Emergen-C is an effervescent, powdered drink mix vitamin supplement manufactured by Alacer Corp.  The Emergen-C product line was introduced in 1978. Alacer was established as a private company in 1972, focusing on vitamin supplements containing vitamin C. The company was acquired by Pfizer in 2012. In 2019, Pfizer consumer healthcare entered a joint venture with GSK. The brand is owned by Haleon since 18 July 2022.

It contains, depending on the variety, 16 times the vitamin C, 4 times the vitamin B12, and 5 times the vitamin B6 of the USDA Reference Daily Intake based on a 2000 calorie diet. Some versions include calcium, glucosamine, quercetin or lycopene.

Manufacturing
Pharmaceutical firm GlaxoSmithKline (GSK) is moving forward on plans to close its manufacturing plant in Carlisle, PA by mid-2021, several regional news organizations reported this week. Production of Emergen-C powdered Vitamin C supplement drink mix products at the site will be shifted to a facility in Puerto Rico.

Ingredients
GMO ingredients are used. From the Alacer website: "We have chosen to source materials that are non-GMO whenever possible. That being said, we cannot guarantee that all of our raw materials are sourced from non-GMO ingredients and do not currently have this requirement in place for our vendors".  Most products do not contain animal-derived ingredients, but some certain products contain chondroitin from cows, honey, and vitamin D3 from wool.

Emergen-C Class Action Lawsuit 
In December 2013, a superior court judge preliminarily approved a $6.45 million settlement to a class-action lawsuit filed against Alacer Corp.  for allegedly deceptively marketing the supplement Emergen-C. The complaint, which was originally filed earlier in the year, alleges that the company misleadingly represents that the supplement will provide health benefits – including reducing the risk of or preventing colds and flu – without scientific evidence to support such claims.  According to the settlement terms, class members may receive a refund of up to $36 with proof of purchase. (Wong et al v. Alacer Corp., Case No.
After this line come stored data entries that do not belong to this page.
(* Let $r$ be a positive integer and $s=(r,r,\ldots,r)$ of length $n$. Then \[ d_n^s(z)=\sum_{\omega\in\mathcal{SW}(n+1,r)}z^{\mathrm{des}(\omega)}. \] Moreover, the local $h$-polynomial of the $r$-th edgewise subdivision of the $n$-simplex $2^{[n+1]}$ equals the local $h^\ast$-polynomial of the $s$-lecture hall simplex $P_n^s$.
   Context: $P_n^s=\{x\in\mathbb{R}^n:0\le x_1/s_1\le\cdots\le x_n/s_n\le1\}$; $d_n^s(z):=\ell^\ast(P_n^s;z)$ where for a lattice $d$-simplex $\Delta=\mathrm{conv}(v^{(0)},\ldots,v^{(d)})\subset\mathbb{R}^n$, $\ell^\ast(\Delta;z)=\sum_{x\in\Pi^\circ_\Delta\cap\mathbb{Z}^{n+1}}z^{x_{n+1}}$, $\Pi^\circ_\Delta=\{\sum_i\lambda_i(v^{(i)},1):0<\lambda_i<1\}$. $\mathcal{SW}(m,r)$ (Smirnoff words) is the set of strings $\omega_0\omega_1\cdots\omega_m$ with $\omega_i\in\{0,\ldots,r-1\}$, $\omega_0=\omega_m=0$, and $\omega_i\ne\omega_{i+1}$ for $0\le i<m$; $\mathrm{des}(\omega)=|\{i:\omega_i>\omega_{i+1}\}|$. The $r$-th edgewise subdivision of $2^{[n+1]}$: its vertices are the points $x\in\mathbb{Z}_{\ge0}^{n+1}$ with $x_1+\cdots+x_{n+1}=r$; with $\varphi(x)=(x_1,x_1+x_2,\ldots,x_1+\cdots+x_{n+1})$, a set $F$ of vertices is a face iff for all $x,y\in F$, $\varphi(x)-\varphi(y)\in\{0,1\}^{n+1}$ or $\varphi(y)-\varphi(x)\in\{0,1\}^{n+1}$; a face $F$ lies over the face $\bigcup_{x\in F}\mathrm{supp}(x)$ of $2^{[n+1]}$. For a $(d-1)$-dimensional complex $\Omega$, $h(\Omega;z)=\sum_{i=0}^d f_{i-1}z^i(1-z)^{d-i}$; for a subdivision $\Omega$ of $2^V$, $|V|=m$, with restrictions $\Omega_F$ to faces $F\subseteq V$ ($h(\Omega_\emptyset;z)=1$), the local $h$-polynomial is $\ell_V(\Omega_V;z)=\sum_{F\subseteq V}(-1)^{m-|F|}h(\Omega_F;z)$. *)

theory Defs
  imports Main "HOL-Computational_Algebra.Polynomial"
begin
(* Let $G$ be a connected $(P_6,C_5)$-free graph, and suppose $G$ contains a chromatic cutset $S$ that is also a minimal separator. Let $(S_1,\dots,S_t)$ be a partition of $S$ into 1-chromatic sets that are pairwise complete to each other, and let $G'$ be obtained from $G$ by contracting each $S_i$ into a new vertex $s_i$ (i.e., replacing $S_i$ by a vertex $s_i$ whose neighborhood is exactly the set of vertices outside $S_i$ having a neighbor in $S_i$). Then $G'$ is $(P_6,C_5)$-free.
   Context: Graphs are finite and simple. A graph is $(P_6,C_5)$-free if it has no induced 6-vertex path and no induced 5-cycle. A set $S\subseteq V(G)$ is 1-chromatic if $S$ is an independent set and in every 4-coloring of $G$ all vertices of $S$ receive the same color. A set $S$ is a cutset if $G$ is connected and $G-S$ is disconnected. A cutset $S$ is a chromatic cutset if it admits a partition into 1-chromatic sets that are pairwise complete to each other (every vertex of one part adjacent to every vertex of another). A cutset $S$ is a minimal separator if there are two distinct connected components $K,K'$ of $G-S$ such that every vertex of $S$ has a neighbor in $K$ and a neighbor in $K'$. *)

theory Defs
  imports Main
begin

definition graph :: "'a set \<Rightarrow> ('a \<Rightarrow> 'a \<Rightarrow> bool) \<Rightarrow> bool" where
  "graph V E \<longleftrightarrow> finite V \<and> (\<forall>x y. E x y \<longrightarrow> x \<in> V \<and> y \<in> V \<and> x \<noteq> y \<and> E y x)"

definition induced_P6 :: "'a set \<Rightarrow> ('a \<Rightarrow> 'a \<Rightarrow> bool) \<Rightarrow> 'a list \<Rightarrow> bool" where
  "induced_P6 V E p \<longleftrightarrow> length p = 6 \<and> distinct p \<and> set p \<subseteq> V \<and>
     (\<forall>i<6. \<forall>j<6. E (p!i) (p!j) \<longleftrightarrow> (i = j + 1 \<or> j = i + 1))"

definition induced_C5 :: "'a set \<Rightarrow> ('a \<Rightarrow> 'a \<Rightarrow> bool) \<Rightarrow> 'a list \<Rightarrow> bool" where
  "induced_C5 V E c \<longleftrightarrow> length c = 5 \<and> distinct c \<and> set c \<subseteq> V \<and>
     (\<forall>i<5. \<forall>j<5. E (c!i) (c!j) \<longleftrightarrow> (j = (i + 1) mod 5 \<or> i = (j + 1) mod 5))"

definition P6_C5_free :: "'a set \<Rightarrow> ('a \<Rightarrow> 'a \<Rightarrow> bool) \<Rightarrow> bool" where
  "P6_C5_free V E \<longleftrightarrow> (\<nexists>p. induced_P6 V E p) \<and> (\<nexists>c. induced_C5 V E c)"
CGC-12-519221, Superior Court of California County of San Francisco).  A superior court judge gave final approval of the settlement to this lawsuit in June 2014.

Outreach
In 1997, Alacer established The Emergen-C Fund, which has raised more than $650,000.
This fund provides support to Vitamin Angels, Surfrider Foundation, Keep A Breast Foundation, Young Survival Coalition, and Whole Foods' Whole Planet Foundation.

Alacer sponsors Operation Gratitude, a volunteer organization that has sent care packages to U.S. troops in Iraq and Afghanistan.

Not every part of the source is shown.